Every week: there are scheduled lab hours in Small Hall on: Sundays (7-8pm), Mondays (6-7pm), and Thursdays (5-6pm). I have office hours (in Olsson 236D) on Thursdays, 10:30am-noon.
Monday, 11 September: Finish reading Chapter 5
Wednesday, 13 September: Quiz 2 (originally scheduled for Monday, 11 September)

Data Abstraction

Data abstraction separates what you can do with data from how it is represented.

What are the advantages and disadvantages of using abstract data types?

What are the minimal operations a (useful) data abstraction must provide?

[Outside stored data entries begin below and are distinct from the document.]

(* Let $\Gamma$ be a connected highly-regular graph with CAM $C=[c_{i,j}]_{1\le i,j\le m}$ and diameter $D=\operatorname{diam}(\Gamma)$, with chosen partitions $V_1(u)=\{u\},\dots,V_m(u)$ for each vertex $u$, and let $S_0,\dots,S_D$ be nonempty subsets of $\{1,\dots,m\}$ with $D_i(u)=\bigsqcup_{t\in S_i}V_t(u)$ for every vertex $u$ and every $i$. For $i\in\{1,\dots,D\}$ define $b_{i-1}^{\max}=\max\{\sum_{t\in S_i}c_{t,l}: l\in S_{i-1}\}$ and $c_i^{\max}=\max\{\sum_{t\in S_{i-1}}c_{t,l}: l\in S_i\}$. Assume $\Gamma$ satisfies: $(\star)$ for every vertex $u$, every $i\in\{0,1,\dots,D-1\}$ and every $x\in D_i(u)$, the set $D_1(x)\cap D_{i+1}(u)$ is nonempty. Then for all integers $i\ge1$, $j\ge 0$ with $i+j\le D$, we have $c_i^{\max}\le b_j^{\max}$.
   Context: All graphs are finite, simple; $d(u,v)$ is graph distance and $D_i(u)=\{v:d(u,v)=i\}$. A graph $\Gamma$ of order $n$ is highly-regular with collapsed adjacency matrix (CAM) $C=[c_{i,j}]_{1\le i,j\le m}$, where $2\le m<n$ (the value $m=n$ is allowed only when $n=2$), if for every vertex $u$ there is a partition of $V(\Gamma)$ into nonempty sets $V_1(u)=\{u\},V_2(u),\dots,V_m(u)$ such that for all $i,j$, every vertex $y\in V_j(u)$ is adjacent to exactly $c_{i,j}$ vertices of $V_i(u)$. *)

theory Defs
  imports Main
begin

definition simple_graph :: "'a set \<Rightarrow> ('a \<Rightarrow> 'a \<Rightarrow> bool) \<Rightarrow> bool" where
  "simple_graph V E \<longleftrightarrow> finite V \<and>
     (\<forall>x y. E x y \<longrightarrow> x \<in> V \<and> y \<in> V \<and> x \<noteq> y \<and> E y x)"

definition adj_rel :: "('a \<Rightarrow> 'a \<Rightarrow> bool) \<Rightarrow> ('a \<times> 'a) set" where
  "adj_rel E = {(x, y). E x y}"

definition gdist :: "('a \<Rightarrow> 'a \<Rightarrow> bool) \<Rightarrow> 'a \<Rightarrow> 'a \<Rightarrow> nat" where
  "gdist E u v = (LEAST n. (u, v) \<in> (adj_rel E) ^^ n)"

definition connected_graph :: "'a set \<Rightarrow> ('a \<Rightarrow> 'a \<Rightarrow> bool) \<Rightarrow> bool" where
  "connected_graph V E \<longleftrightarrow> (\<forall>u\<in>V. \<forall>v\<in>V. \<exists>n. (u, v) \<in> (adj_rel E) ^^ n)"

definition diam :: "'a set \<Rightarrow> ('a \<Rightarrow> 'a \<Rightarrow> bool) \<Rightarrow> nat" where
  "diam V E = Max {gdist E u v | u v. u \<in> V \<and> v \<in> V}"

definition Dset :: "'a set \<Rightarrow> ('a \<Rightarrow> 'a \<Rightarrow> bool) \<Rightarrow> 'a \<Rightarrow> nat \<Rightarrow> 'a set" where
  "Dset V E u i = {v \<in> V. gdist E u v = i}"

definition highly_regular ::
  "'a set \<Rightarrow> ('a \<Rightarrow> 'a \<Rightarrow> bool) \<Rightarrow> nat \<Rightarrow> (nat \<Rightarrow> nat \<Rightarrow> nat) \<Rightarrow> ('a \<Rightarrow> nat \<Rightarrow> 'a set) \<Rightarrow> bool" where
  "highly_regular V E m c P \<longleftrightarrow> simple_graph V E \<and>
     2 \<le> m \<and> (m < card V \<or> (m = card V \<and> card V = 2)) \<and>
     (\<forall>u\<in>V. P u 1 = {u} \<and>
        (\<forall>i\<in>{1..m}. P u i \<noteq> {}) \<and>
        (\<forall>i\<in>{1..m}. \<forall>j\<in>{1..m}. i \<noteq> j \<longrightarrow> P u i \<inter> P u j = {}) \<and>
        (\<Union>i\<in>{1..m}. P u i) = V \<and>
        (\<forall>i\<in>{1..m}. \<forall>j\<in>{1..m}. \<forall>y\<in>P u j. card {x \<in> P u i. E x y} = c i j))"

definition bmax :: "(nat \<Rightarrow> nat \<Rightarrow> nat) \<Rightarrow> (nat \<Rightarrow> nat set) \<Rightarrow> nat \<Rightarrow> nat" where
  "bmax c S j = Max {\<Sum>t\<in>S (j + 1). c t l | l. l \<in> S j}"

definition cmax :: "(nat \<Rightarrow> nat \<Rightarrow> nat) \<Rightarrow> (nat \<Rightarrow> nat set) \<Rightarrow> nat \<Rightarrow> nat" where
  "cmax c S i = Max {\<Sum>t\<in>S (i - 1). c t l | l. l \<in> S i}"

end

theory Submission
  imports Defs
begin

text \<open>Pick l in S_i attaining c_i^max and a vertex w in V_l(v); then w has exactly c_i^max
  neighbours in D_(i-1)(v). Iterating (\<star>) walks from w outwards to a vertex u in D_(i+j)(v) with
  d(w,u) = j, so w lies on a geodesic from v to u, and the triangle inequality puts every
  neighbour of w in D_(i-1)(v) into D_(j+1)(u). Since w lies in V_l'(u) for some l' in S_j, it has
  exactly the sum of c_(t,l') over t in S_(j+1) neighbours there, which is at most b_j^max.\<close>

lemma simple_graph_edgeD:
  "simple_graph V E \<Longrightarrow> E x y \<Longrightarrow> x \<in> V \<and> y \<in> V \<and> x \<noteq> y \<and> E y x"
  unfolding simple_graph_def by blast

lemma relpow_adj_rel_sym:
  assumes "simple_graph V E" "(x, y) \<in> adj_rel E ^^ n"
  shows "(y, x) \<in> adj_rel E ^^ n"
  using assms(2)
proof (induction n arbitrary: y)
  case (Suc n)
  then obtain z where "(x, z) \<in> adj_rel E ^^ n" "E z y"
    by (auto simp: adj_rel_def)
  with Suc.IH simple_graph_edgeD[OF assms(1)] show ?case
    by (metis adj_rel_def case_prodI mem_Collect_eq relpow_Suc_I2)
qed simp

lemma gdist_le: "(u, v) \<in> adj_rel E ^^ n \<Longrightarrow> gdist E u v \<le> n"
  unfolding gdist_def by (rule Least_le)

lemma gdist_relpow:
  assumes "connected_graph V E" "u \<in> V" "v \<in> V"
  shows "(u, v) \<in> adj_rel E ^^ gdist E u v"
proof -
  obtain n where "(u, v) \<in> adj_rel E ^^ n"
    using assms unfolding connected_graph_def by blast
  then show ?thesis unfolding gdist_def by (rule LeastI)
qed

lemma gdist_triangle:
  assumes "connected_graph V E" "u \<in> V" "v \<in> V" "w \<in> V"
  shows "gdist E u w \<le> gdist E u v + gdist E v w"
  using gdist_relpow[OF assms(1,2,3)] gdist_relpow[OF assms(1,3,4)]
  by (intro gdist_le) (auto simp: relpow_add)

lemma gdist_commute:
  assumes "simple_graph V E" "connected_graph V E" "u \<in> V" "v \<in> V"
  shows "gdist E u v = gdist E v u"
  using gdist_le[OF relpow_adj_rel_sym[OF assms(1) gdist_relpow[OF assms(2,3,4)]]]
    gdist_le[OF relpow_adj_rel_sym[OF assms(1) gdist_relpow[OF assms(2,4,3)]]]
  by simp

lemma gdist_eq_0_iff:
  assumes "connected_graph V E" "u \<in> V" "v \<in> V"
  shows "gdist E u v = 0 \<longleftrightarrow> u = v"
proof
  assume "gdist E u v = 0"
  then show "u = v" using gdist_relpow[OF assms] by simp
qed (metis gdist_le le_zero_eq relpow_0_I)

lemma gdist_eq_1_iff:
  assumes "simple_graph V E" "connected_graph V E" "u \<in> V" "v \<in> V"
  shows "gdist E u v = 1 \<longleftrightarrow> E u v"
proof
  assume "gdist E u v = 1"
  then show "E u v" using gdist_relpow[OF assms(2,3,4)] by (simp add: adj_rel_def)
next
  assume uv: "E u v"
  then have "gdist E u v \<le> 1" by (intro gdist_le) (simp add: adj_rel_def)
  moreover have "u \<noteq> v" using simple_graph_edgeD[OF assms(1) uv] by blast
  then have "gdist E u v \<noteq> 0" using gdist_eq_0_iff[OF assms(2,3,4)] by blast
  ultimately show "gdist E u v = 1" by simp
qed

lemma exists_outward_vertex:
  assumes sg: "simple_graph V E" and conn: "connected_graph V E"
    and star: "\<forall>u\<in>V. \<forall>k < diam V E. \<forall>x\<in>Dset V E u k.
                 Dset V E x 1 \<inter> Dset V E u (k + 1) \<noteq> {}"
    and u: "u \<in> V" and x: "x \<in> Dset V E u k" and kn: "k + n \<le> diam V E"
  shows "\<exists>y\<in>Dset V E u (k + n). gdist E x y = n"
proof -
  have "\<exists>y\<in>Dset V E u (k + n). (x, y) \<in> adj_rel E ^^ n"
    using kn
  proof (induction n)
    case 0
    then show ?case using x by auto
  next
    case (Suc n)
    then obtain y where y: "y \<in> Dset V E u (k + n)" "(x, y) \<in> adj_rel E ^^ n"
      by auto
    then obtain z where z: "z \<in> Dset V E y 1" "z \<in> Dset V E u (k + n + 1)"
      using star u Suc.prems by (metis add_Suc_right disjoint_iff less_eq_Suc_le)
    then have "E y z"
      using gdist_eq_1_iff[OF sg conn] y(1) by (auto simp: Dset_def)
    with y(2) z(2) show ?case by (auto simp: adj_rel_def)
  qed
  then obtain y where y: "y \<in> Dset V E u (k + n)" and walk: "(x, y) \<in> adj_rel E ^^ n"
    by blast
  from walk have "gdist E x y \<le> n" by (rule gdist_le)
  moreover have "gdist E u y \<le> gdist E u x + gdist E x y"
    using x y by (intro gdist_triangle[OF conn u]) (simp_all add: Dset_def)
  ultimately show ?thesis using x y by (auto simp: Dset_def)
qed

lemma neighbours_on_geodesic:
  assumes sg: "simple_graph V E" and conn: "connected_graph V E"
    and V: "u \<in> V" "v \<in> V" "w \<in> V"
    and geodesic: "gdist E v u = gdist E v w + gdist E w u"
  shows "{x \<in> Dset V E v (gdist E v w - 1). E x w} \<subseteq> Dset V E u (gdist E w u + 1)"
proof safe
  fix x assume x: "x \<in> Dset V E v (gdist E v w - 1)" "E x w"
  have xV: "x \<in> V" using x(1) by (simp add: Dset_def)
  have "gdist E w x = 1"
    using gdist_eq_1_iff[OF sg conn] simple_graph_edgeD[OF sg x(2)] by blast
  moreover have "gdist E v w \<noteq> 0"
  proof
    assume "gdist E v w = 0"
    then have "v = w" "gdist E v x = 0" using gdist_eq_0_iff[OF conn V(2,3)] x(1)
      by (auto simp: Dset_def)
    then show False using gdist_eq_0_iff[OF conn V(2) xV] simple_graph_edgeD[OF sg x(2)] by blast
  qed
  moreover have "gdist E u x \<le> gdist E u w + gdist E w x"
    using gdist_triangle[OF conn V(1,3) xV] .
  moreover have "gdist E v u \<le> gdist E v x + gdist E x u"
    using gdist_triangle[OF conn V(2) xV V(1)] .
  ultimately have "gdist E u x = gdist E w u + 1"
    using x(1) geodesic gdist_commute[OF sg conn] V xV by (auto simp: Dset_def)
  then show "x \<in> Dset V E u (gdist E w u + 1)" using xV by (simp add: Dset_def)
qed

lemma sum_collapsed_adjacency_eq_card:
  assumes hr: "highly_regular V E m c P" and v: "v \<in> V" and T: "T \<subseteq> {1..m}"
    and l: "l \<in> {1..m}" and y: "y \<in> P v l"
  shows "(\<Sum>t\<in>T. c t l) = card {x \<in> (\<Union>t\<in>T. P v t). E x y}"
proof -
  have fin: "finite V" using hr unfolding highly_regular_def simple_graph_def by blast
  have part: "\<forall>t\<in>{1..m}. P v t \<subseteq> V"
    "\<forall>i\<in>{1..m}. \<forall>j\<in>{1..m}. i \<noteq> j \<longrightarrow> P v i \<inter> P v j = {}"
    "\<forall>i\<in>{1..m}. \<forall>j\<in>{1..m}. \<forall>y\<in>P v j. card {x \<in> P v i. E x y} = c i j"
    using hr v unfolding highly_regular_def by blast+
  have "(\<Sum>t\<in>T. c t l) = (\<Sum>t\<in>T. card {x \<in> P v t. E x y})"
    using part(3) T l y by (intro sum.cong refl) (metis subsetD)
  also have "\<dots> = card (\<Union>t\<in>T. {x \<in> P v t. E x y})"
  proof (rule card_UN_disjoint[symmetric])
    show "finite T" using T by (rule finite_subset) simp
    show "\<forall>t\<in>T. finite {x \<in> P v t. E x y}"
      using T part(1) fin by (metis (no_types) finite_Collect_conjI finite_subset Collect_mem_eq subsetD)
    show "\<forall>t\<in>T. \<forall>t'\<in>T. t \<noteq> t' \<longrightarrow> {x \<in> P v t. E x y} \<inter> {x \<in> P v t'. E x y} = {}"
      using T part(2) by blast
  qed
  also have "(\<Union>t\<in>T. {x \<in> P v t. E x y}) = {x \<in> (\<Union>t\<in>T. P v t). E x y}" by blast
  finally show ?thesis .
qed

lemma sum_layer_eq_card_neighbours:
  assumes hr: "highly_regular V E m c P"
    and S_sub: "\<forall>k \<le> diam V E. S k \<noteq> {} \<and> S k \<subseteq> {1..m}"
    and S_D: "\<forall>u\<in>V. \<forall>k \<le> diam V E. Dset V E u k = (\<Union>t\<in>S k. P u t)"
    and k: "k \<le> diam V E" and v: "v \<in> V" and l: "l \<in> {1..m}" and y: "y \<in> P v l"
  shows "(\<Sum>t\<in>S k. c t l) = card {x \<in> Dset V E v k. E x y}"
proof -
  have T: "S k \<subseteq> {1..m}" using S_sub k by blast
  have "Dset V E v k = (\<Union>t\<in>S k. P v t)" using S_D v k by blast
  then show ?thesis using sum_collapsed_adjacency_eq_card[OF hr v T l y] by simp
qed

lemma cmax_attained_at_vertex:
  assumes hr: "highly_regular V E m c P"
    and S_sub: "\<forall>k \<le> diam V E. S k \<noteq> {} \<and> S k \<subseteq> {1..m}"
    and S_D: "\<forall>u\<in>V. \<forall>k \<le> diam V E. Dset V E u k = (\<Union>t\<in>S k. P u t)"
    and i: "i \<le> diam V E"
  obtains v w where "v \<in> V" "w \<in> Dset V E v i"
    "cmax c S i = card {x \<in> Dset V E v (i - 1). E x w}"
proof -
  have Si: "S i \<noteq> {}" "S i \<subseteq> {1..m}" using S_sub i by blast+
  then have "cmax c S i \<in> {\<Sum>t\<in>S (i - 1). c t l | l. l \<in> S i}"
    unfolding cmax_def using finite_subset[OF Si(2)] by (intro Max_in) auto
  then obtain l where l: "l \<in> S i" and cmax_l: "cmax c S i = (\<Sum>t\<in>S (i - 1). c t l)"
    by blast
  have lm: "l \<in> {1..m}" using l Si(2) by blast
  have "V \<noteq> {}" using hr unfolding highly_regular_def by auto
  then obtain v where v: "v \<in> V" by blast
  have "P v l \<noteq> {}" using hr v lm unfolding highly_regular_def by blast
  then obtain w where w: "w \<in> P v l" by blast
  show ?thesis
  proof (rule that[OF v])
    show "w \<in> Dset V E v i" using S_D v i l w by blast
    show "cmax c S i = card {x \<in> Dset V E v (i - 1). E x w}"
      using cmax_l sum_layer_eq_card_neighbours[OF hr S_sub S_D _ v lm w] i by simp
  qed
qed

lemma card_neighbours_le_bmax:
  assumes hr: "highly_regular V E m c P"
    and S_sub: "\<forall>k \<le> diam V E. S k \<noteq> {} \<and> S k \<subseteq> {1..m}"
    and S_D: "\<forall>u\<in>V. \<forall>k \<le> diam V E. Dset V E u k = (\<Union>t\<in>S k. P u t)"
    and j: "j + 1 \<le> diam V E" and u: "u \<in> V" and w: "w \<in> Dset V E u j"
  shows "card {x \<in> Dset V E u (j + 1). E x w} \<le> bmax c S j"
proof -
  have "Dset V E u j = (\<Union>t\<in>S j. P u t)" using S_D u j by simp
  then obtain l where l: "l \<in> S j" "w \<in> P u l" using w by blast
  have Sj: "S j \<subseteq> {1..m}" using S_sub j by simp
  have "card {x \<in> Dset V E u (j + 1). E x w} = (\<Sum>t\<in>S (j + 1). c t l)"
    using sum_layer_eq_card_neighbours[OF hr S_sub S_D j u _ l(2)] l(1) Sj by auto
  also have "\<dots> \<le> bmax c S j"
    unfolding bmax_def using l(1) finite_subset[OF Sj] by (intro Max_ge) auto
  finally show ?thesis .
qed

theorem proposition6p2:
  fixes V :: "'a set" and E :: "'a \<Rightarrow> 'a \<Rightarrow> bool" and m :: nat
    and c :: "nat \<Rightarrow> nat \<Rightarrow> nat" and P :: "'a \<Rightarrow> nat \<Rightarrow> 'a set"
    and S :: "nat \<Rightarrow> nat set" and i j :: nat
  assumes hr: "highly_regular V E m c P"
    and conn: "connected_graph V E"
    and S_sub: "\<forall>k \<le> diam V E. S k \<noteq> {} \<and> S k \<subseteq> {1..m}"
    and S_D: "\<forall>u\<in>V. \<forall>k \<le> diam V E. Dset V E u k = (\<Union>t\<in>S k. P u t)"
    and star: "\<forall>u\<in>V. \<forall>k < diam V E. \<forall>x\<in>Dset V E u k.
                 Dset V E x 1 \<inter> Dset V E u (k + 1) \<noteq> {}"
    and i1: "1 \<le> i" and ij: "i + j \<le> diam V E"
  shows "cmax c S i \<le> bmax c S j"
proof -
  have sg: "simple_graph V E" using hr unfolding highly_regular_def by blast
  then have fin: "finite V" unfolding simple_graph_def by blast
  obtain v w where v: "v \<in> V" and wD: "w \<in> Dset V E v i"
    and cmax_w: "cmax c S i = card {x \<in> Dset V E v (i - 1). E x w}"
    using cmax_attained_at_vertex[OF hr S_sub S_D] ij by (metis add_leD1)
  then obtain u where uD: "u \<in> Dset V E v (i + j)" and wu: "gdist E w u = j"
    using exists_outward_vertex[OF sg conn star v _ ij] by blast
  have V: "u \<in> V" "w \<in> V" and geodesic: "gdist E v u = gdist E v w + gdist E w u"
    using uD wD wu by (auto simp: Dset_def)
  have "cmax c S i \<le> card {x \<in> Dset V E u (j + 1). E x w}"
    unfolding cmax_w using neighbours_on_geodesic[OF sg conn V(1) v V(2) geodesic] wD wu fin
    by (intro card_mono) (auto simp: Dset_def)
  also have "\<dots> \<le> bmax c S j"
  proof (rule card_neighbours_le_bmax[OF hr S_sub S_D _ V(1)])
    show "j + 1 \<le> diam V E" using ij i1 by simp
    show "w \<in> Dset V E u j" using gdist_commute[OF sg conn V] wu V(2) by (simp add: Dset_def)
  qed
  finally show ?thesis .
qed

end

Specifying Data Abstractions

Overview: what does the type represent. Should always include:
- Mutability/Immutability
- Description of an abstract notation for the data abstraction
Operations: specifications for constructors and methods clients use described in terms of abstract notation introduced in overview. There are four different kinds of operations:
- Ways to create objects of the data type
  - Creators: create new objects of the ADT from parameters of other types
  - Producers: create new objects of the ADT from parameters of the ADT type (and other types)
- Ways to observe properties: observers
- Ways to change properties: mutators (mutable data types only)

Is it reasonable for a datatype to have no mutators?

Is it reasonable for a datatype to have no creators?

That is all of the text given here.